* Exercise details: Write out the line that contains "then obtain b" and every line after it through the end of the entries, exactly as given and with no other lines.

* Dataset:
::::::::
lemma card_le_power_if_log_growth_less:
  assumes "log_growth k n < ereal (ln \<rho>)" "0 < n" "0 < \<rho>"
  shows "real k \<le> \<rho> ^ n"
proof (cases "k = 0")
  case False
  then have "ln (real k) < real n * ln \<rho>"
    using assms(1,2) by (simp add: log_growth_def divide_less_eq mult.commute)
  also have "\<dots> = ln (\<rho> ^ n)"
    using assms(3) by (simp add: ln_realpow)
  finally show ?thesis
    using False assms(3) by simp
qed (use assms(3) in simp)

lemma hypothesis_E_subexponential:
  assumes "hypothesis_E X N U f A \<mu>s" "0 < \<delta>0" "0 \<le> q" "q < 1"
  obtains \<delta> \<rho> where "0 < \<delta>" "\<delta> \<le> \<delta>0" "0 \<le> \<rho>" "\<rho> * q < 1"
    "\<forall>\<^sub>F n in sequentially. real (card (J_set X N U f A \<mu>s \<delta> n)) \<le> \<rho> ^ n"
proof -
  define \<rho> where "\<rho> = 2 / (1 + q)"
  have "1 < \<rho>" "\<rho> * q < 1"
    unfolding \<rho>_def using assms(3,4) by (auto simp: field_simps)
  have "\<forall>\<^sub>F \<delta> in at_right 0.
      limsup (\<lambda>n. log_growth (card (J_set X N U f A \<mu>s \<delta> n)) n) < ereal (ln \<rho>)"
    using assms(1) unfolding hypothesis_E_def
    by (rule order_tendstoD(2)) (simp add: \<open>1 < \<rho>\<close> ln_gt_zero)
  then obtain b where "0 < b" and b: "\<And>\<delta>. 0 < \<delta> \<Longrightarrow> \<delta> < b \<Longrightarrow>
      limsup (\<lambda>n. log_growth (card (J_set X N U f A \<mu>s \<delta> n)) n) < ereal (ln \<rho>)"
    unfolding eventually_at_right_field by auto
  define \<delta> where "\<delta> = min \<delta>0 (b / 2)"
  have "0 < \<delta>" "\<delta> \<le> \<delta>0" "\<delta> < b"
    unfolding \<delta>_def using assms(2) \<open>0 < b\<close> by auto
  have "\<forall>\<^sub>F n in sequentially. real (card (J_set X N U f A \<mu>s \<delta> n)) \<le> \<rho> ^ n"
    using Limsup_lessD[OF b[OF \<open>0 < \<delta>\<close> \<open>\<delta> < b\<close>]] eventually_gt_at_top[of 0]
    by eventually_elim (use \<open>1 < \<rho>\<close> card_le_power_if_log_growth_less in auto)
  then show ?thesis
    using that[of \<delta> \<rho>] \<open>0 < \<delta>\<close> \<open>\<delta> \<le> \<delta>0\<close> \<open>1 < \<rho>\<close> \<open>\<rho> * q < 1\<close> by simp
qed

definition near_singular_parameters ::
    "'a::metric_space set \<Rightarrow> nat \<Rightarrow> 'm::metric_space set \<Rightarrow> ('m \<Rightarrow> nat \<Rightarrow> 'a set) \<Rightarrow>
      ('m \<Rightarrow> nat \<Rightarrow> 'a \<Rightarrow> 'a) \<Rightarrow> 'm \<Rightarrow> real \<Rightarrow> 'a \<Rightarrow> nat list \<Rightarrow> real \<Rightarrow> 'm set" where
  "near_singular_parameters X N U A phi \<mu>s \<delta> x0 \<alpha> \<epsilon> =
    {\<mu> \<in> U \<inter> ball \<mu>s \<delta>. singular_set X N (A \<mu>) \<noteq> {} \<and>
      infdist (ifs_comp (phi \<mu>) \<alpha> x0) (singular_set X N (A \<mu>)) \<le> \<epsilon>}"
::::::::
* Output for this exercise:
  then obtain b where "0 < b" and b: "\<And>\<delta>. 0 < \<delta> \<Longrightarrow> \<delta> < b \<Longrightarrow>
      limsup (\<lambda>n. log_growth (card (J_set X N U f A \<mu>s \<delta> n)) n) < ereal (ln \<rho>)"
    unfolding eventually_at_right_field by auto
  define \<delta> where "\<delta> = min \<delta>0 (b / 2)"
  have "0 < \<delta>" "\<delta> \<le> \<delta>0" "\<delta> < b"
    unfolding \<delta>_def using assms(2) \<open>0 < b\<close> by auto
  have "\<forall>\<^sub>F n in sequentially. real (card (J_set X N U f A \<mu>s \<delta> n)) \<le> \<rho> ^ n"
    using Limsup_lessD[OF b[OF \<open>0 < \<delta>\<close> \<open>\<delta> < b\<close>]] eventually_gt_at_top[of 0]
    by eventually_elim (use \<open>1 < \<rho>\<close> card_le_power_if_log_growth_less in auto)
  then show ?thesis
    using that[of \<delta> \<rho>] \<open>0 < \<delta>\<close> \<open>\<delta> \<le> \<delta>0\<close> \<open>1 < \<rho>\<close> \<open>\<rho> * q < 1\<close> by simp
qed

definition near_singular_parameters ::
    "'a::metric_space set \<Rightarrow> nat \<Rightarrow> 'm::metric_space set \<Rightarrow> ('m \<Rightarrow> nat \<Rightarrow> 'a set) \<Rightarrow>
      ('m \<Rightarrow> nat \<Rightarrow> 'a \<Rightarrow> 'a) \<Rightarrow> 'm \<Rightarrow> real \<Rightarrow> 'a \<Rightarrow> nat list \<Rightarrow> real \<Rightarrow> 'm set" where
  "near_singular_parameters X N U A phi \<mu>s \<delta> x0 \<alpha> \<epsilon> =
    {\<mu> \<in> U \<inter> ball \<mu>s \<delta>. singular_set X N (A \<mu>) \<noteq> {} \<and>
      infdist (ifs_comp (phi \<mu>) \<alpha> x0) (singular_set X N (A \<mu>)) \<le> \<epsilon>}"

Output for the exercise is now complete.